The “one fixed day off and one flexible rest day” regulation is full of loopholes that employers have used to exploit workers since the policy took effect less than two weeks ago, unions said yesterday.
A coalition of workers’ unions staged a protest in front of the Ministry of Labor in Taipei, demanding that the ministry address loopholes in the scheme that have caused workers’ leave time and overtime pay to be cut.
President Tsai Ing-wen’s (蔡英文) administration has said that if people are willing to work on their “rest days,” they would receive more overtime pay under the new rules, which employers have exploited to deny workers overtime pay, instead giving them compensatory leave, Workers’ Struggle Alliance member Kuo Kuan-chun (郭冠均) said.
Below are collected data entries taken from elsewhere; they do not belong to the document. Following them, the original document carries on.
(* Let $M$ be a finite-dimensional real vector space and $n\geq 1$. Let $\mathbb{T}^n$ be the $n$-torus (a product of $n$ circles) with coordinates $x_1,\dots,x_n$, coordinate vector fields $\partial_i=\partial_{x_i}$ and volume form $dV=dx_1\wedge\cdots\wedge dx_n$. Let $\Omega=\sum_{i=1}^n\omega_i\otimes\partial_i$ be a polysymplectic form on $M$, where $\omega_1,\dots,\omega_n$ are closed $2$-forms on $M$, and let $S:M\to\mathbb{R}$ be smooth. Choose $1$-forms $\theta_i$ on $M$ with $d\theta_i=\omega_i$, set \[ \widetilde{\Theta}=\sum_{i=1}^n(-1)^{i+1}\theta_i\wedge dx_1\wedge\cdots\wedge\widehat{dx_i}\wedge\cdots\wedge dx_n \] as an $n$-form on $\mathbb{T}^n\times M$, and define $\mathcal{A}^\Omega_S:C^\infty(\mathbb{T}^n,M)\to\mathbb{R}$ by \[ \mathcal{A}^\Omega_S(Z)=\int_{\mathbb{T}^n}Z^*\widetilde{\Theta}-\int_{\mathbb{T}^n}S(Z(\vec{x}))\,dV, \] where $Z$ is regarded as the section $\vec{x}\mapsto(\vec{x},Z(\vec{x}))$ of $\mathbb{T}^n\times M\to\mathbb{T}^n$. Then $Z\in C^\infty(\mathbb{T}^n,M)$ is a critical point of $\mathcal{A}^\Omega_S$ if and only if \[ (dS)_{Z(\vec{x})}=\Omega^\sharp((dZ)_{\vec{x}})\quad\text{for all }\vec{x}\in\mathbb{T}^n. \]
   Context: An $\mathbb{R}^n$-valued form $\Omega$ on $M$ is non-degenerate if $\Omega(V,\cdot)=0$ implies $V=0$; an $\mathbb{R}^n$-valued $2$-form is polysymplectic if it is closed and non-degenerate. Here $\mathbb{R}^n$ is identified with the span of $\partial_1,\dots,\partial_n$. For a linear map $X:\mathbb{R}^n\to TM$, $\Omega^\sharp(X)\in T^*M$ is defined by $\Omega^\sharp(X)(V)=\operatorname{tr}\big(\nu\mapsto\Omega(V,X(\nu))\big)$, the trace of the linear endomorphism $\nu\mapsto\Omega(V,X(\nu))$ of $\mathbb{R}^n$. For $Z:\mathbb{T}^n\to M$, $(dZ)_{\vec{x}}$ is regarded as a linear map $\mathbb{R}^n\to TM$. *)

theory Defs
  imports "HOL-Analysis.Analysis"
begin

fun Ck :: "nat \<Rightarrow> ('a::euclidean_space \<Rightarrow> 'b::real_normed_vector) \<Rightarrow> bool" where
  "Ck 0 f = continuous_on UNIV f"
| "Ck (Suc k) f = (\<exists>f'. (\<forall>x. (f has_derivative f' x) (at x)) \<and> (\<forall>v. Ck k (\<lambda>x. f' x v)))"

definition smooth :: "('a::euclidean_space \<Rightarrow> 'b::real_normed_vector) \<Rightarrow> bool" where
  "smooth f \<longleftrightarrow> (\<forall>k. Ck k f)"

definition D :: "('a::real_normed_vector \<Rightarrow> 'b::real_normed_vector) \<Rightarrow> 'a \<Rightarrow> 'a \<Rightarrow> 'b" where
  "D f p v = frechet_derivative f (at p) v"

text \<open>A 1-form: p \<mapsto> linear functional on T_pM = M. A 2-form: p \<mapsto> alternating bilinear form.\<close>

definition smooth_1form :: "('m::euclidean_space \<Rightarrow> 'm \<Rightarrow> real) \<Rightarrow> bool" where
  "smooth_1form \<theta> \<longleftrightarrow> (\<forall>p. linear (\<theta> p)) \<and> (\<forall>V. smooth (\<lambda>p. \<theta> p V))"

definition smooth_2form :: "('m::euclidean_space \<Rightarrow> 'm \<Rightarrow> 'm \<Rightarrow> real) \<Rightarrow> bool" where
  "smooth_2form \<omega> \<longleftrightarrow> (\<forall>p. bilinear (\<omega> p) \<and> (\<forall>V W. \<omega> p V W = - \<omega> p W V))
      \<and> (\<forall>V W. smooth (\<lambda>p. \<omega> p V W))"

text \<open>Exterior derivatives, evaluated on constant vector fields.\<close>
definition d1 :: "('m::euclidean_space \<Rightarrow> 'm \<Rightarrow> real) \<Rightarrow> 'm \<Rightarrow> 'm \<Rightarrow> 'm \<Rightarrow> real" where
  "d1 \<theta> p V W = D (\<lambda>q. \<theta> q W) p V - D (\<lambda>q. \<theta> q V) p W"

definition d2 :: "('m::euclidean_space \<Rightarrow> 'm \<Rightarrow> 'm \<Rightarrow> real) \<Rightarrow> 'm \<Rightarrow> 'm \<Rightarrow> 'm \<Rightarrow> 'm \<Rightarrow> real" where
  "d2 \<omega> p U V W = D (\<lambda>q. \<omega> q V W) p U - D (\<lambda>q. \<omega> q U W) p V + D (\<lambda>q. \<omega> q U V) p W"

definition closed_2form :: "('m::euclidean_space \<Rightarrow> 'm \<Rightarrow> 'm \<Rightarrow> real) \<Rightarrow> bool" where
  "closed_2form \<omega> \<longleftrightarrow> smooth_2form \<omega> \<and> (\<forall>p U V W. d2 \<omega> p U V W = 0)"

text \<open>R^n-valued 2-form Omega = sum_i omega_i \<otimes> \<partial>_i, with R^n = real^'n and \<partial>_i = axis i 1.\<close>
definition Omega_of :: "('n::finite \<Rightarrow> 'm \<Rightarrow> 'm \<Rightarrow> 'm \<Rightarrow> real) \<Rightarrow> 'm \<Rightarrow> 'm \<Rightarrow> 'm \<Rightarrow> real^'n" where
  "Omega_of \<omega> p V W = (\<chi> i. \<omega> i p V W)"

definition nondegenerate :: "('m::real_vector \<Rightarrow> 'm \<Rightarrow> 'm \<Rightarrow> real^'n::finite) \<Rightarrow> bool" where
  "nondegenerate \<Omega> \<longleftrightarrow> (\<forall>p V. (\<forall>W. \<Omega> p V W = 0) \<longrightarrow> V = 0)"

definition polysymplectic :: "('n::finite \<Rightarrow> 'm::euclidean_space \<Rightarrow> 'm \<Rightarrow> 'm \<Rightarrow> real) \<Rightarrow> bool" where
  "polysymplectic \<omega> \<longleftrightarrow> (\<forall>i. closed_2form (\<omega> i)) \<and> nondegenerate (Omega_of \<omega>)"

definition Omega_sharp :: "('m \<Rightarrow> 'm \<Rightarrow> real^'n::finite) \<Rightarrow> (real^'n \<Rightarrow> 'm) \<Rightarrow> 'm \<Rightarrow> real" where
  "Omega_sharp \<Omega>p X V = trace (matrix (\<lambda>\<nu>. \<Omega>p V (X \<nu>)))"

definition torus_periodic :: "(real^'n::finite \<Rightarrow> 'b) \<Rightarrow> bool" where
  "torus_periodic Z \<longleftrightarrow> (\<forall>x i. Z (x + axis i 1) = Z x)"

definition torus_smooth_map :: "(real^'n::finite \<Rightarrow> 'm::euclidean_space) \<Rightarrow> bool" where
  "torus_smooth_map Z \<longleftrightarrow> smooth Z \<and> torus_periodic Z"

text \<open>With Theta~ = sum_i (-1)^(i+1) theta_i \<and> dx_1 \<and> .. ^dx_i .. \<and> dx_n, the pull-back along the
  section x \<mapsto> (x, Z x) is Z^*Theta~ = (sum_i theta_i(Z x)(\<partial>_i Z(x))) dV.  The torus is the unit cube
  [0,1]^n with opposite faces identified, dV = Lebesgue measure.\<close>
definition action :: "('n::finite \<Rightarrow> 'm::euclidean_space \<Rightarrow> 'm \<Rightarrow> real) \<Rightarrow> ('m \<Rightarrow> real)
    \<Rightarrow> (real^'n \<Rightarrow> 'm) \<Rightarrow> real" where
  "action \<theta> S Z = integral (cbox 0 One) (\<lambda>x. (\<Sum>i\<in>UNIV. \<theta> i (Z x) (D Z x (axis i 1))))
                  - integral (cbox 0 One) (\<lambda>x. S (Z x))"

text \<open>Critical point: the first variation vanishes in every direction Y \<in> C^infinity(T^n, M)
  (the tangent space of the vector space C^infinity(T^n,M) at Z).\<close>
definition critical_point :: "((real^'n::finite \<Rightarrow> 'm::euclidean_space) \<Rightarrow> real) \<Rightarrow> (real^'n \<Rightarrow> 'm) \<Rightarrow> bool" where
  "critical_point A Z \<longleftrightarrow>
     (\<forall>Y. torus_smooth_map Y \<longrightarrow> ((\<lambda>t. A (\<lambda>x. Z x + t *\<^sub>R Y x)) has_real_derivative 0) (at 0))"

end

(*
  Along a map Z, the integrand theta_i(Z)(d_i Z) of the action is a function of the first
  jet (Z, d_i Z), so the derivative of the action along Z + tY is the integral of the
  derivative of this jet Lagrangian in the direction of the jet of Y.  Cartan's formula
  splits the variation of theta_i(Z)(d_i Z) into omega_i(Z)(Y, d_i Z) and the total
  derivative d_i (theta_i(Z)(Y)), and a total derivative of a periodic function integrates
  to zero over the unit cube.  Hence the first variation in direction Y is the integral of
  E(x)(Y x), where E(x) = Omega^sharp(dZ_x) - dS_(Z x).  It vanishes for all Y iff E = 0:
  testing with Y = phi V shows that x |-> E(x)(V) is L^2-orthogonal to every smooth
  periodic phi, in particular to itself.
*)

theory Submission
  imports Defs
begin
Photo: Peter Lo, Taipei Times
Overtime pay on rest days should be 1.33 times hourly wages for the first two hours of work and 1.67 times from the third to eighth hour of work, an average of 1.57 times daily wages, Kuo said, adding that if employers want to trade overtime for compensatory leave, they should grant workers 1.57 days.
However, the alliance has received reports of businesses giving workers just 24 hours of rest time after a full-time schedule on a rest day, effectively robbing them of 0.6 days of rest, he said, adding that if true, such actions have rendered the Tsai administration’s remark on the rules a lie.
Taiwan Railways Administration (TRA) employees do not have full rest days, because the Ministry of Labor allows it to give employees 24 hours of leave after they have worked a 12-hour shift, which ends at 7:30am or 7:30pm, Taiwan Railway Union secretary Hsiao Nung-yu (蕭農瑀) said, adding that a complete rest day should last from 12am to 12pm.
By calculating workers’ rest time between shifts as their rest days, TRA employees have been denied compensatory days off and overtime pay since the rules were implemented, she said.
The union has since last year urged the TRA to expand its payroll to meet the expected personnel shortage caused by the new 40-hour workweek, she said.
A large Taoyuan-based cellphone manufacturer forced its employees to sign a letter of consent allowing it to move its days off on weekends to weekdays to avoid having to hire new workers to make up for lost productivity on weekends, Taoyuan Confederation of Trade Unions chairman Chuang Fu-kai (莊福凱) said.
“The company allegedly told its employees that if they refused to sign the letter, their right to work, benefits and chances of getting a raise might be affected,” Chuang said. “If you do not sign, you are likely to lose your job.”
The ministry is drafting a rule that would require workers to take leave if they agreed to work on their rest day, but could not keep that commitment due to personal reasons, the alliance said.
Workers are meant to rest on their days off; if they cannot make it to work as promised, or if they need to leave halfway through the day, they should not be made to take leave, which could be deducted from their annual or compensatory leave, it said.
The Labor Standards Act (勞動基準法) prohibits employers from substituting overtime pay with compensatory leave, ministry official Wang Ya-fen (王雅芬) said, adding that employers must pay workers in cash if they ask them to overwork.
The TRA has not contravened the act, as it allocates 24 hours of rest time between employees’ shifts, Wang said.
Citing a 1987 legal interpretation by the ministry, Department of Labor Standards and Equal Employment Director Hsieh Chien-chien (謝倩蒨) said that workers are required to take leave if they promise their employers to work on a day off, but fail to keep the commitment.
She dismissed a question on whether employers can require workers to take leave if they work less than eight hours on a rest day, saying that in addition to their wages for the day, employees should be paid four times their hourly salary if they work less than four hours and eight times if they work between four and eight hours.